» Problem statement: Lines to return, exactly: from the line with "n * cnj a * cinner x y" to the line with "by (simp add: cinner_diff_left" in the entries below, both included.

= Beginning of Section =

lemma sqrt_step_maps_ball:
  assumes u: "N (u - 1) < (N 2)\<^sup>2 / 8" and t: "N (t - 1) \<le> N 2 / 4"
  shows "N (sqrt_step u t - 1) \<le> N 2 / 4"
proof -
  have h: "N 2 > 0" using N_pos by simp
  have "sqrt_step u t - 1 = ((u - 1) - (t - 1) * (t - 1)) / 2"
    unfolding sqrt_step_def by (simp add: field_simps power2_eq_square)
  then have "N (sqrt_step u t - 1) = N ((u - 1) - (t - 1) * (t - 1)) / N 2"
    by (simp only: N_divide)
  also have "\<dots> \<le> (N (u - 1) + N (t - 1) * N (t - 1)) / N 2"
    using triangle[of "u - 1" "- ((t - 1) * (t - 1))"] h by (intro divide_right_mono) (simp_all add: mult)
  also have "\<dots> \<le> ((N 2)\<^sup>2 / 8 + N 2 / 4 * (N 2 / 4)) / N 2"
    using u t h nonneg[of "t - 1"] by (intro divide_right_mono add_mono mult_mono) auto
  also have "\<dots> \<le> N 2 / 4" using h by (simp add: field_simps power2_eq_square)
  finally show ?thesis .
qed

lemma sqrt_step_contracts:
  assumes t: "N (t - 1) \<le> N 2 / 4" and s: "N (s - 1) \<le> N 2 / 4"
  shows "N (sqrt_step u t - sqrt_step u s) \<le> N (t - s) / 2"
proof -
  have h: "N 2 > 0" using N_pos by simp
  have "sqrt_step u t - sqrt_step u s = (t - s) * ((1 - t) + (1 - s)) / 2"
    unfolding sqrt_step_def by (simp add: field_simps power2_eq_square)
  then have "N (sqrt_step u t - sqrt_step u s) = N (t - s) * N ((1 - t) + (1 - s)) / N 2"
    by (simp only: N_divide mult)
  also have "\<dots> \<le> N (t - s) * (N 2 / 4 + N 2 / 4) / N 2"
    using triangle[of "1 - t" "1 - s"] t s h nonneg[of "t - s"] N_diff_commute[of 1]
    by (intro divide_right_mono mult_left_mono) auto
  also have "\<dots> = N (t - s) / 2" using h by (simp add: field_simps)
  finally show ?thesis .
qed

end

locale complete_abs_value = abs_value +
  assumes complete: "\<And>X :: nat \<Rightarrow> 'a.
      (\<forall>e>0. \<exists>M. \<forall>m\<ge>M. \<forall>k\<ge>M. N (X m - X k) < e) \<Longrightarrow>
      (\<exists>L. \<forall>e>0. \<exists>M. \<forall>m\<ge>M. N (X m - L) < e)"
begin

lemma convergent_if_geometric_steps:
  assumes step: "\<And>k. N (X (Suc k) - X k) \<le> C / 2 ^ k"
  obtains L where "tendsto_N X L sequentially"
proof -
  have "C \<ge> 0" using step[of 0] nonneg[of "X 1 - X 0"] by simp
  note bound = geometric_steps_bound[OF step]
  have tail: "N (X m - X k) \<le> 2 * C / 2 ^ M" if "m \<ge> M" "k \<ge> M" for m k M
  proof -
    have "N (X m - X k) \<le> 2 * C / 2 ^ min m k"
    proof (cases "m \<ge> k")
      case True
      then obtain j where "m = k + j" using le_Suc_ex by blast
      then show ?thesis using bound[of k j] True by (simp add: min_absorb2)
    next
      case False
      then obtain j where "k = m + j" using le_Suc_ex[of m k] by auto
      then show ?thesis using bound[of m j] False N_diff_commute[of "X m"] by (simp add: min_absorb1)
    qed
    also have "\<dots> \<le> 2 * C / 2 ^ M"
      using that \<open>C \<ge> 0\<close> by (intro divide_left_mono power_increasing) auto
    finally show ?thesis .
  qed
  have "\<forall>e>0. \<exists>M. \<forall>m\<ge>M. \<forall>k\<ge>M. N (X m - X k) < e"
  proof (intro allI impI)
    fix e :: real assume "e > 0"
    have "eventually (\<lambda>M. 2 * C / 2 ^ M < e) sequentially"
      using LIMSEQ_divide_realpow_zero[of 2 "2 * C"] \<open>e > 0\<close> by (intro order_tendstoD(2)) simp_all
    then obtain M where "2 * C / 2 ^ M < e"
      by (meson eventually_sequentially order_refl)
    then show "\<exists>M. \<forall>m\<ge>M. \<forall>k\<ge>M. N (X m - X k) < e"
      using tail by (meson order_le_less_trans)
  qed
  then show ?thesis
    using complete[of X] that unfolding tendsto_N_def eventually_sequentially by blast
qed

= End of Section =
= Beginning of Section =

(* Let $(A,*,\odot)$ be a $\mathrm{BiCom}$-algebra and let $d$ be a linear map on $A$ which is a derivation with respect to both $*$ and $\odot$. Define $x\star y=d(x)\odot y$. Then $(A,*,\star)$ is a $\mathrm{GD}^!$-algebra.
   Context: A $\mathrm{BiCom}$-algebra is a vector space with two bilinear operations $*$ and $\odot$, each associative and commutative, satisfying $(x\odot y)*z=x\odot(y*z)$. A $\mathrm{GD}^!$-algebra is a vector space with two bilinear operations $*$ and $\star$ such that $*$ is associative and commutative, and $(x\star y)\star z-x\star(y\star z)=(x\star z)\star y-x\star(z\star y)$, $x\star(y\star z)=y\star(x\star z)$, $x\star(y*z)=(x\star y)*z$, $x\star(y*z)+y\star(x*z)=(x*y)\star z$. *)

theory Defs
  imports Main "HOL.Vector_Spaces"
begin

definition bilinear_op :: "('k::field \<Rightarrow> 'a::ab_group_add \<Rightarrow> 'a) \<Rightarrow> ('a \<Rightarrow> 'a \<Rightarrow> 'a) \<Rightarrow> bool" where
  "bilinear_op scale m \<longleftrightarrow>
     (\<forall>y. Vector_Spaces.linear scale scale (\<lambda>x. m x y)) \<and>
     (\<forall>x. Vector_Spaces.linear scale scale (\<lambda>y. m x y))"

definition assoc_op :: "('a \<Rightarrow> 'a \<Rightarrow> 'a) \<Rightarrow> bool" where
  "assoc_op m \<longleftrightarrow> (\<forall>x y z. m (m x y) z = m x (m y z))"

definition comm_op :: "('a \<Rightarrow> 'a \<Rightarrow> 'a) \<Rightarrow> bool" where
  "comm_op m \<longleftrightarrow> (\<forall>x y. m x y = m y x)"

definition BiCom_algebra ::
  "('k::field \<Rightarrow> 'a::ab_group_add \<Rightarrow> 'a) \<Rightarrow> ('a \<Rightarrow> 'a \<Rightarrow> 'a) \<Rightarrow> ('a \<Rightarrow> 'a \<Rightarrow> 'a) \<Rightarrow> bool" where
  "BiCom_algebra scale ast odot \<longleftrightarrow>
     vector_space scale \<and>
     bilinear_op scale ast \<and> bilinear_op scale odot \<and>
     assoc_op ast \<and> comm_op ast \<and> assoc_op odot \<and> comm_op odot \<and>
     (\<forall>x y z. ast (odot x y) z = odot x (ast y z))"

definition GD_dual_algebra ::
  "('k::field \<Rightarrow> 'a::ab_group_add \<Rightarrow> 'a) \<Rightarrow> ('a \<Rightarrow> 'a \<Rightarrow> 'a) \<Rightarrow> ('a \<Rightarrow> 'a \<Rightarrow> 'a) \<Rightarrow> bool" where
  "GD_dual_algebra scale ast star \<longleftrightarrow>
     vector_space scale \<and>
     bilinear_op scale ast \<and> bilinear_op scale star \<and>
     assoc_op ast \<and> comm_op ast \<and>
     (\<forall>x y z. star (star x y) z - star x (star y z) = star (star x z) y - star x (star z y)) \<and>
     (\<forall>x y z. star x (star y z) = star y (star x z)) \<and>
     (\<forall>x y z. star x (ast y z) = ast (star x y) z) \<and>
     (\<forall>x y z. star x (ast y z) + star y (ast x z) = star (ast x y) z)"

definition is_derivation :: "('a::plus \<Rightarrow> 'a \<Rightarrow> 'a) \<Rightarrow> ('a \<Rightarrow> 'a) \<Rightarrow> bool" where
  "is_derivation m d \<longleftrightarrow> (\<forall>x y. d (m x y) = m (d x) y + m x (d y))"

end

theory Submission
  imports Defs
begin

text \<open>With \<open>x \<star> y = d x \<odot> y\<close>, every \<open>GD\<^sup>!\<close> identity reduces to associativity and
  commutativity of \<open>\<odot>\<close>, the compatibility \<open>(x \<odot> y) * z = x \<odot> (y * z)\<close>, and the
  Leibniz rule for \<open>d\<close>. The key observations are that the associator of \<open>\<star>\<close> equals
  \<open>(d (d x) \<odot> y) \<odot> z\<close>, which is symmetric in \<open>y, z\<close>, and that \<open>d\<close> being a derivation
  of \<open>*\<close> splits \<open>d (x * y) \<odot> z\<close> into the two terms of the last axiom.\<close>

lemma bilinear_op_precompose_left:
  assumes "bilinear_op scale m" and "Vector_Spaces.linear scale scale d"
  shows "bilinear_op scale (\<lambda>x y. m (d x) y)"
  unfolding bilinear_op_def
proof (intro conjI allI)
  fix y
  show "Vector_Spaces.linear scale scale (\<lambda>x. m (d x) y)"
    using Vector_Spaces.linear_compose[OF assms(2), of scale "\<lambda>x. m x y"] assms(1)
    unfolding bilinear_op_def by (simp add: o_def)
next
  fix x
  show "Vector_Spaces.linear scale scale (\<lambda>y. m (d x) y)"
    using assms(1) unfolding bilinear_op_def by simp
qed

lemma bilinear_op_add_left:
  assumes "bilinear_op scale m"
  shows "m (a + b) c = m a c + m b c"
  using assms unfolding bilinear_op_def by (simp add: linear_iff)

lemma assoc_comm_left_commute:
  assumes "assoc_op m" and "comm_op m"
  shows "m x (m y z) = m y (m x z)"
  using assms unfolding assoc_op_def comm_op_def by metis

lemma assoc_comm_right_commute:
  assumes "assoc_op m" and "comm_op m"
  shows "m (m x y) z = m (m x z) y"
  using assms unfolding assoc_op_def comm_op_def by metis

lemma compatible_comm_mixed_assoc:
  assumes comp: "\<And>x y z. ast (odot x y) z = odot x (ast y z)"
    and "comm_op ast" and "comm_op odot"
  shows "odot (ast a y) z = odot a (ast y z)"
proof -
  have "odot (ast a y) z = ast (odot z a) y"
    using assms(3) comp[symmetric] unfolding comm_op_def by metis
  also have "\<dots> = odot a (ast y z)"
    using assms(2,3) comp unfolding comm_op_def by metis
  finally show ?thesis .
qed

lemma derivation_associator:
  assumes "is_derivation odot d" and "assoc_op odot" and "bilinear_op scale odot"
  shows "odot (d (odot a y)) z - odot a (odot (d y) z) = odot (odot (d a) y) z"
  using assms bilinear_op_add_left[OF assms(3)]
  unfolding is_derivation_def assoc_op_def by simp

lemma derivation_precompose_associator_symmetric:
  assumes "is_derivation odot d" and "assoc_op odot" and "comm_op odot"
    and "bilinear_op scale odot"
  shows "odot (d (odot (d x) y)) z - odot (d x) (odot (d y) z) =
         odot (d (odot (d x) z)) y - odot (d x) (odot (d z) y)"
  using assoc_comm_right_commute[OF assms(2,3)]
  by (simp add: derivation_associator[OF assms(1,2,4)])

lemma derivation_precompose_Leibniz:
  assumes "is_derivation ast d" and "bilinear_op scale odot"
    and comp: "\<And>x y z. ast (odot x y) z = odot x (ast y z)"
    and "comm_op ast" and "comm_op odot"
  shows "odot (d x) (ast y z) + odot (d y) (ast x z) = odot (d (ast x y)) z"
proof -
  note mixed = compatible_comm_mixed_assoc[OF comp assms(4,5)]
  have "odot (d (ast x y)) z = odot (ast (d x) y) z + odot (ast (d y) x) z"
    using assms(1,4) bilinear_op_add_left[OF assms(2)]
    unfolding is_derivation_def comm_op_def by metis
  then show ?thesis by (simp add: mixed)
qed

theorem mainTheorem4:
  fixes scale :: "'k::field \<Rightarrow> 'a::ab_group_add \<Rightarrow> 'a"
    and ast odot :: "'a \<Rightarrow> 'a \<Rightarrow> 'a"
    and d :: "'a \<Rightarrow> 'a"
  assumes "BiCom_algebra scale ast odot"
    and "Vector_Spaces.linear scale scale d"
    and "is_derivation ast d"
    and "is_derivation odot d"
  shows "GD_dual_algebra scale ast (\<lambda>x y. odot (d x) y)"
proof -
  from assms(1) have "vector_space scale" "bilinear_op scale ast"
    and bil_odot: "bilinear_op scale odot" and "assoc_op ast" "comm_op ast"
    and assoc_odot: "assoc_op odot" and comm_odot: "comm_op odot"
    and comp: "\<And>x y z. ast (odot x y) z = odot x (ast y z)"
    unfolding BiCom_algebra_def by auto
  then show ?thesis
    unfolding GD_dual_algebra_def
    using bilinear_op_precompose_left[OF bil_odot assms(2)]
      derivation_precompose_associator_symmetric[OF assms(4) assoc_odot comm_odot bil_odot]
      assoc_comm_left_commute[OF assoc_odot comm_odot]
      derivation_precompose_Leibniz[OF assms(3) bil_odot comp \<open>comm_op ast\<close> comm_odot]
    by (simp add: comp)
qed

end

= End of Section =
= Beginning of Section =

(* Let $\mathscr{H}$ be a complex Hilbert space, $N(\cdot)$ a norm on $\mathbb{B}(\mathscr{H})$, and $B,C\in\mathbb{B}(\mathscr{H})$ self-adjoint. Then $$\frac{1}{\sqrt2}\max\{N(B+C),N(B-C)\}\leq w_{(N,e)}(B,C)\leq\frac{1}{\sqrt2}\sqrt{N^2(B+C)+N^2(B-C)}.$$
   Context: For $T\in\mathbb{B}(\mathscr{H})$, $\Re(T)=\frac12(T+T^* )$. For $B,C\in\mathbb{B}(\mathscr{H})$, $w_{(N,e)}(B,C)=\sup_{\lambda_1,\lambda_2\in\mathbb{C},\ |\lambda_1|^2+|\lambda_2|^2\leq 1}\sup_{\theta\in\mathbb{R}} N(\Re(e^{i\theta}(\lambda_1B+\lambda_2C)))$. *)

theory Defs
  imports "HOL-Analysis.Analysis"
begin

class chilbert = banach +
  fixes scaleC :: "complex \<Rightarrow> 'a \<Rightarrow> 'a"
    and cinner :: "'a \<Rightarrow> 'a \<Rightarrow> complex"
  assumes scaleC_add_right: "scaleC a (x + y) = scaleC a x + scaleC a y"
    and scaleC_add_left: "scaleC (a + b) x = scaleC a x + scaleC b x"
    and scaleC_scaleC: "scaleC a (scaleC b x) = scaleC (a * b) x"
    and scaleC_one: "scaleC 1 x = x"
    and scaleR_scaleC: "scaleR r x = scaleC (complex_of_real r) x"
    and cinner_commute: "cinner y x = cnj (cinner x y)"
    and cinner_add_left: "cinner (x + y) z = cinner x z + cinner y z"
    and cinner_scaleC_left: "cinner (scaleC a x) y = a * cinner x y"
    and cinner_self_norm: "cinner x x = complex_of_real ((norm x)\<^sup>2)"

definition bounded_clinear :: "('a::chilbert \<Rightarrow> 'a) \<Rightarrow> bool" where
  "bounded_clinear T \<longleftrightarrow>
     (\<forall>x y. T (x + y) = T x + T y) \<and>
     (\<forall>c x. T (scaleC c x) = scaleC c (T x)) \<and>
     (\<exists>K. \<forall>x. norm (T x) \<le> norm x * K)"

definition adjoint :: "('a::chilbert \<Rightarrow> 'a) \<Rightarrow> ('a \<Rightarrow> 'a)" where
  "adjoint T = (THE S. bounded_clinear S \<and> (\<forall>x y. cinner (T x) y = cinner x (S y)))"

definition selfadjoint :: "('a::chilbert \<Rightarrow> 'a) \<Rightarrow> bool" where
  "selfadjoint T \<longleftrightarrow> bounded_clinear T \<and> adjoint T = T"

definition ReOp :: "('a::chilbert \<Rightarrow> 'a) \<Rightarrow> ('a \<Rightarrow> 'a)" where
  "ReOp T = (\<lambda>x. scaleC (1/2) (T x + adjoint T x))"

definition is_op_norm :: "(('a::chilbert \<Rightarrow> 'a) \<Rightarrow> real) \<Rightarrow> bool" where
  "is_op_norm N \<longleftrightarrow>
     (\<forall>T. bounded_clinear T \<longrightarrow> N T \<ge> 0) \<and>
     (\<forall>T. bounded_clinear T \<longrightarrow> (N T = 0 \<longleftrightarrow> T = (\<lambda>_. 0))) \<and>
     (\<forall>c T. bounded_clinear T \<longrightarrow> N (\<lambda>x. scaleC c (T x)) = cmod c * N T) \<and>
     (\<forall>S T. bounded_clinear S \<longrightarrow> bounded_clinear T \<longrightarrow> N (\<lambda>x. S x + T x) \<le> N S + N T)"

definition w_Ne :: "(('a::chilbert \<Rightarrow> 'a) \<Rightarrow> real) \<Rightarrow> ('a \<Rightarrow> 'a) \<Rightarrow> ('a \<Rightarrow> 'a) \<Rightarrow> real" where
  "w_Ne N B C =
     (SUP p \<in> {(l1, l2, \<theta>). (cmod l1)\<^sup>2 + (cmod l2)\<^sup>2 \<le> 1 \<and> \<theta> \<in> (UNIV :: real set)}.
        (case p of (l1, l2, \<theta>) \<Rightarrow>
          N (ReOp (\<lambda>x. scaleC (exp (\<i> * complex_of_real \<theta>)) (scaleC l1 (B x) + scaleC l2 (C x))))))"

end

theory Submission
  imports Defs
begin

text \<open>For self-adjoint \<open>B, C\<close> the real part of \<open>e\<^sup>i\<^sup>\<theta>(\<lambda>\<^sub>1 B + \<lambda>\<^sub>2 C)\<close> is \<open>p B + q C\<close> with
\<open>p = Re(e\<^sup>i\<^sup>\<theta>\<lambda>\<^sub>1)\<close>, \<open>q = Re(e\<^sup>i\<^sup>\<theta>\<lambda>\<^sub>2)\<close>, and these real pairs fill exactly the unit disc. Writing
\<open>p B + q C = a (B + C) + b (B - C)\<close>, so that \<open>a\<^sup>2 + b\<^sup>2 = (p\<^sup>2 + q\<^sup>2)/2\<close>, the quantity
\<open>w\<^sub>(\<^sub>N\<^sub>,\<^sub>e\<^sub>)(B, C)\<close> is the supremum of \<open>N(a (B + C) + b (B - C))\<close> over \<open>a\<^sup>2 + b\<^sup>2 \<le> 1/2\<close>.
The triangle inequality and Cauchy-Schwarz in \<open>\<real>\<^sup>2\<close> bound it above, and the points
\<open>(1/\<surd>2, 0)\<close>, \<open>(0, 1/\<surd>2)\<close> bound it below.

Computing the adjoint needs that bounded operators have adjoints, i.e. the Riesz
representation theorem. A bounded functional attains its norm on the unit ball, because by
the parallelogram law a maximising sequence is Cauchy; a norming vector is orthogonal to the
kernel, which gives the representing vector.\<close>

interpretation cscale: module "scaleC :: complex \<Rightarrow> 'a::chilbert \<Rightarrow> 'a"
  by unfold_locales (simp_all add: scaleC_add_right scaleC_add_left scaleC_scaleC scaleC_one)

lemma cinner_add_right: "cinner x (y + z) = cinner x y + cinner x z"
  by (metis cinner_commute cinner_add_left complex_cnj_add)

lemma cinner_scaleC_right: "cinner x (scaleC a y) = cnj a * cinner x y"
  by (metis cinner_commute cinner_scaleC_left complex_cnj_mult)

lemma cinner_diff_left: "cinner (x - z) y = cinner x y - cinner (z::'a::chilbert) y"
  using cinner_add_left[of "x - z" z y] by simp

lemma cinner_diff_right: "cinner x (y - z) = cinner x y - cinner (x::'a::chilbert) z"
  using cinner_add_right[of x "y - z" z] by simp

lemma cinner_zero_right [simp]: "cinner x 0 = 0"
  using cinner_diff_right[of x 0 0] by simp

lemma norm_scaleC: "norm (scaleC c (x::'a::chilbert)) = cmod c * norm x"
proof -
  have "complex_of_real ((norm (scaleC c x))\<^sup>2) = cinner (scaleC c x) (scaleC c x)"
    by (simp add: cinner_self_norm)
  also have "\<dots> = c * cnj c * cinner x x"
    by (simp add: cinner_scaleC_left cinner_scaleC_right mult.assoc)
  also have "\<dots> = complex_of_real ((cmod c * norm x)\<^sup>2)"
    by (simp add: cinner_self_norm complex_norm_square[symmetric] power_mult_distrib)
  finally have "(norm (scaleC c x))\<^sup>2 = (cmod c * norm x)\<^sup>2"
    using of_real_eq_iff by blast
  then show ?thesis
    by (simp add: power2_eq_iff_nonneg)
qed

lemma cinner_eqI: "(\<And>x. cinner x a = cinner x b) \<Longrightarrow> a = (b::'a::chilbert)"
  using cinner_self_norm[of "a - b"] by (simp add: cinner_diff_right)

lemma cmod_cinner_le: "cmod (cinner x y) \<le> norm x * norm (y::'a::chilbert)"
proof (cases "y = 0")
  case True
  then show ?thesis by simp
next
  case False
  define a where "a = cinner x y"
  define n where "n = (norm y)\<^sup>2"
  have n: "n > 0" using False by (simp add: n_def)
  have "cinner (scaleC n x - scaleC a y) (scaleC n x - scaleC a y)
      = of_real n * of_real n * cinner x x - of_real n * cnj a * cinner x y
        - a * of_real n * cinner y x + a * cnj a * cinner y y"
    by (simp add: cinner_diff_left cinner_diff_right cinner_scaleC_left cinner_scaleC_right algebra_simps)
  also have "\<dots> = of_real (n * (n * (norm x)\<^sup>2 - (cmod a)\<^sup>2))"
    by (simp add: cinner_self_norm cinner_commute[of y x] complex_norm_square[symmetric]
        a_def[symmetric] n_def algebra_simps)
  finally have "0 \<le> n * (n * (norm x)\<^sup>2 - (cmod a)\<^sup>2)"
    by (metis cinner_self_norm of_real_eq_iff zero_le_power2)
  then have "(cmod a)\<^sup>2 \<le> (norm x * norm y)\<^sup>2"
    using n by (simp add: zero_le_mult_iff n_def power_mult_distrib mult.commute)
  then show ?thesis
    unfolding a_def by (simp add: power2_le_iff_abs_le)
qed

= End of Section =

» Result of the task:
      = of_real n * of_real n * cinner x x - of_real n * cnj a * cinner x y
        - a * of_real n * cinner y x + a * cnj a * cinner y y"
    by (simp add: cinner_diff_left cinner_diff_right cinner_scaleC_left cinner_scaleC_right algebra_simps)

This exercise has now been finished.